Copy the lines exactly as they appear, starting with the first line of the records and ending with the line that contains "obtain R where".

**INFORMATION PROVIDED**
________________________________________
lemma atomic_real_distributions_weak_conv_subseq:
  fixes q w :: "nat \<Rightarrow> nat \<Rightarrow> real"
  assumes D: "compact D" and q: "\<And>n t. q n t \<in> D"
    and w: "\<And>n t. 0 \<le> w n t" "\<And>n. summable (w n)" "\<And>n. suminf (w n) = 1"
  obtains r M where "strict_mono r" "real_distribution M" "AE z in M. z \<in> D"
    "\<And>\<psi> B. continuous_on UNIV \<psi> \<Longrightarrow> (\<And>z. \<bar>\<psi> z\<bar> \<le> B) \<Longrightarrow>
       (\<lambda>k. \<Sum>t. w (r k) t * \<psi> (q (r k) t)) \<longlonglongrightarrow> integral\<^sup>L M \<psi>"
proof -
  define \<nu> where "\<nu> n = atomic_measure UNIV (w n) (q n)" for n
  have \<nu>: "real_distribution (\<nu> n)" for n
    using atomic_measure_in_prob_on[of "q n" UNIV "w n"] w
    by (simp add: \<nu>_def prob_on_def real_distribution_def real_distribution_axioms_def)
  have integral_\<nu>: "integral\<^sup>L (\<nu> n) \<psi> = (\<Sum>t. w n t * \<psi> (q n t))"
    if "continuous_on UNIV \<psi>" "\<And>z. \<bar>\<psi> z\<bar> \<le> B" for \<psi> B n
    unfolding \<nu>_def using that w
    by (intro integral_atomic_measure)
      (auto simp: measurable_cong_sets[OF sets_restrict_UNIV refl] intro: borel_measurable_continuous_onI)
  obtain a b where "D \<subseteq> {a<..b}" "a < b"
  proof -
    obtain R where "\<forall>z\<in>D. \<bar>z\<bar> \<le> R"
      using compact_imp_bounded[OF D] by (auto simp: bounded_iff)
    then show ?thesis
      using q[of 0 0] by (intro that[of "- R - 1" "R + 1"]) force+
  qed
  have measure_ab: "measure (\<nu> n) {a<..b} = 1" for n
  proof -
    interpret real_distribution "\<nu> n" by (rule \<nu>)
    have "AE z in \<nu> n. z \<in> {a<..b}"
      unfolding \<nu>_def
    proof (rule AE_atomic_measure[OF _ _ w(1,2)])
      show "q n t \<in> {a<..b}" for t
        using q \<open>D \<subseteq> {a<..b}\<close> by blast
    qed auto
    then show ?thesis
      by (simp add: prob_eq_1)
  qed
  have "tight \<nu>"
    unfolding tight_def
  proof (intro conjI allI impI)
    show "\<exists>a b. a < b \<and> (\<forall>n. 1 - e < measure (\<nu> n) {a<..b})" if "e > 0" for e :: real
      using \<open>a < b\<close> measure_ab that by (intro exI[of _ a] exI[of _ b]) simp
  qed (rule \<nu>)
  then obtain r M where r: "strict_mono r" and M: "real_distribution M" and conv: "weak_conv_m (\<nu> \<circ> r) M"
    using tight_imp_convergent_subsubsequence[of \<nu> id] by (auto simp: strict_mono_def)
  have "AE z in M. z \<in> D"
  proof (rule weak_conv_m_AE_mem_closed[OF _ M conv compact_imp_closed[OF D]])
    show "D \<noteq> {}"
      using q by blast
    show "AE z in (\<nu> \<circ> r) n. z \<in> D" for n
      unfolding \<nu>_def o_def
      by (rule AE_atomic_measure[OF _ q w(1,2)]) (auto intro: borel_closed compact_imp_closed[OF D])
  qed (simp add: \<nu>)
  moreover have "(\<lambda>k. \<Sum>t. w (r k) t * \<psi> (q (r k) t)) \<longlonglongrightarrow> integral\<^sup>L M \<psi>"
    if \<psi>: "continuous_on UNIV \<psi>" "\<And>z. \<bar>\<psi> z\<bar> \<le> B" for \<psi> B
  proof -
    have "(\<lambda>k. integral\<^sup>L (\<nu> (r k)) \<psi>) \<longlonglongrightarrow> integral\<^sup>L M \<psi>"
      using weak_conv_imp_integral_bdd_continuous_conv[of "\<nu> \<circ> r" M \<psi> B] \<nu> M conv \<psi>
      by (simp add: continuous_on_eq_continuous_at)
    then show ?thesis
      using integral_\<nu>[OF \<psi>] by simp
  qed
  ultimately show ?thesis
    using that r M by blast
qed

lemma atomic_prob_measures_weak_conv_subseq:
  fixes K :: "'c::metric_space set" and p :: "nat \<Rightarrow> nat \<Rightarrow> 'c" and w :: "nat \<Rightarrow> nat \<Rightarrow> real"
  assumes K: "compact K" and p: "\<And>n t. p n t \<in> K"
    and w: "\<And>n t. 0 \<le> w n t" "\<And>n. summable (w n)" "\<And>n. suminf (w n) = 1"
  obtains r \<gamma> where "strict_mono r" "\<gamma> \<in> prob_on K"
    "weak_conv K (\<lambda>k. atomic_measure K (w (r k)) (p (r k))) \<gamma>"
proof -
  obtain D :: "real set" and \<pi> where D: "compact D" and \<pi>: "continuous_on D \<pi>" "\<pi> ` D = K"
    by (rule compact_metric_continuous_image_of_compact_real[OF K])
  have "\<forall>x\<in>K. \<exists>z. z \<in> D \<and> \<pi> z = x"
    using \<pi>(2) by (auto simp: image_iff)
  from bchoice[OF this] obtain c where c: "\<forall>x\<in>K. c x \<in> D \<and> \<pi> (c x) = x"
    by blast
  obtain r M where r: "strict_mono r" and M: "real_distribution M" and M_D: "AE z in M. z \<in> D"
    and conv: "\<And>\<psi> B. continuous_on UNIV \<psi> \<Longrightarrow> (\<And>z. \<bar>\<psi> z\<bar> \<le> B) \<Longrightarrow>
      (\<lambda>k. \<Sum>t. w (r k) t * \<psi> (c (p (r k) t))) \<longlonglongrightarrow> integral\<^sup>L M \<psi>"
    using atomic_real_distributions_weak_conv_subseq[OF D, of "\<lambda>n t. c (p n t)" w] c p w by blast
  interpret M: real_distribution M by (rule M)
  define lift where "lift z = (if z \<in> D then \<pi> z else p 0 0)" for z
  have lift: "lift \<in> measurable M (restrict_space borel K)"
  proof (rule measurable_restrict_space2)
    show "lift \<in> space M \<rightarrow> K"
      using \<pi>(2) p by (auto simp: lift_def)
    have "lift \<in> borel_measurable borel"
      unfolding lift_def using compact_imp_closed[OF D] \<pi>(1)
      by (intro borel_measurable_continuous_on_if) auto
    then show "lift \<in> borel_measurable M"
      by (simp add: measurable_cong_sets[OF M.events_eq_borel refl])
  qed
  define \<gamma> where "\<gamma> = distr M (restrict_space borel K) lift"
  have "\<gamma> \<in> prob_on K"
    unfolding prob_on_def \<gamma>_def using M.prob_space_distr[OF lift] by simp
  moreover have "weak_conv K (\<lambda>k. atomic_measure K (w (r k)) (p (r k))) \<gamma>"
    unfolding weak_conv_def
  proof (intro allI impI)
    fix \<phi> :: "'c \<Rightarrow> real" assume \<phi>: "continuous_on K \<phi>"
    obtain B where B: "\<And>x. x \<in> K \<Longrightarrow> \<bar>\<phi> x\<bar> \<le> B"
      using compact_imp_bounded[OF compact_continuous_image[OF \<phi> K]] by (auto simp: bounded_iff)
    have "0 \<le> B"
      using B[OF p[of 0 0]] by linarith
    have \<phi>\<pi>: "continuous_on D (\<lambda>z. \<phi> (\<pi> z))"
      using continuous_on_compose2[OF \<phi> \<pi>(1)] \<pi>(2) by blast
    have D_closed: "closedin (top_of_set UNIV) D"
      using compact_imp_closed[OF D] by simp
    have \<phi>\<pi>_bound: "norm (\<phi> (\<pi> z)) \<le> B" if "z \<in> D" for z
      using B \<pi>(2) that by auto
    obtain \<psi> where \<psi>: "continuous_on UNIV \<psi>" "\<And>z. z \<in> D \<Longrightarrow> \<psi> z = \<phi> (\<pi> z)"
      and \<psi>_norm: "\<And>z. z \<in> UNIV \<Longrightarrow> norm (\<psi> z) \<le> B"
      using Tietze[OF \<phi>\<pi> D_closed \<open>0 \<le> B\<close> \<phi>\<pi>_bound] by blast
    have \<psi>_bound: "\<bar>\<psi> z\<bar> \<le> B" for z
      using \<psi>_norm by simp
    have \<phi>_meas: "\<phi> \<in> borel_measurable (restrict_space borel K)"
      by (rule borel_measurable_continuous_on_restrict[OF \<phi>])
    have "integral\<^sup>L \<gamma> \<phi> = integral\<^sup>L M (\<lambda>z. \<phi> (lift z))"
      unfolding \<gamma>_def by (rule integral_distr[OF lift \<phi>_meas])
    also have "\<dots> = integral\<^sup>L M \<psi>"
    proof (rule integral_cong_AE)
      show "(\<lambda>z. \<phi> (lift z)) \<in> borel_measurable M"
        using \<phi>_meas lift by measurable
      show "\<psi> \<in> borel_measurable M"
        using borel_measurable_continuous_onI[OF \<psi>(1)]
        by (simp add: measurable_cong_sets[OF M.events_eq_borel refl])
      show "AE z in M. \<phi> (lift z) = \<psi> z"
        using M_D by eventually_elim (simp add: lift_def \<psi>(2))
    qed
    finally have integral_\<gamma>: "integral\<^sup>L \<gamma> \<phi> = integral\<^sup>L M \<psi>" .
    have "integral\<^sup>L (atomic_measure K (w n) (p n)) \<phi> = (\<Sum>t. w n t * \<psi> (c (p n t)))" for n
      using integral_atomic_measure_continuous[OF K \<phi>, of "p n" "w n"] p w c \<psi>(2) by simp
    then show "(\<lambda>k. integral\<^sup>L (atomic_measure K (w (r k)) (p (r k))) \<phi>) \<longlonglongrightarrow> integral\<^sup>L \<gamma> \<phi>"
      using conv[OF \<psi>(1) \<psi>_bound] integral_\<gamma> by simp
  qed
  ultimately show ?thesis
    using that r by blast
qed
________________________________________
**PROBLEM SOLUTION**
lemma atomic_real_distributions_weak_conv_subseq:
  fixes q w :: "nat \<Rightarrow> nat \<Rightarrow> real"
  assumes D: "compact D" and q: "\<And>n t. q n t \<in> D"
    and w: "\<And>n t. 0 \<le> w n t" "\<And>n. summable (w n)" "\<And>n. suminf (w n) = 1"
  obtains r M where "strict_mono r" "real_distribution M" "AE z in M. z \<in> D"
    "\<And>\<psi> B. continuous_on UNIV \<psi> \<Longrightarrow> (\<And>z. \<bar>\<psi> z\<bar> \<le> B) \<Longrightarrow>
       (\<lambda>k. \<Sum>t. w (r k) t * \<psi> (q (r k) t)) \<longlonglongrightarrow> integral\<^sup>L M \<psi>"
proof -
  define \<nu> where "\<nu> n = atomic_measure UNIV (w n) (q n)" for n
  have \<nu>: "real_distribution (\<nu> n)" for n
    using atomic_measure_in_prob_on[of "q n" UNIV "w n"] w
    by (simp add: \<nu>_def prob_on_def real_distribution_def real_distribution_axioms_def)
  have integral_\<nu>: "integral\<^sup>L (\<nu> n) \<psi> = (\<Sum>t. w n t * \<psi> (q n t))"
    if "continuous_on UNIV \<psi>" "\<And>z. \<bar>\<psi> z\<bar> \<le> B" for \<psi> B n
    unfolding \<nu>_def using that w
    by (intro integral_atomic_measure)
      (auto simp: measurable_cong_sets[OF sets_restrict_UNIV refl] intro: borel_measurable_continuous_onI)
  obtain a b where "D \<subseteq> {a<..b}" "a < b"
  proof -
    obtain R where "\<forall>z\<in>D. \<bar>z\<bar> \<le> R"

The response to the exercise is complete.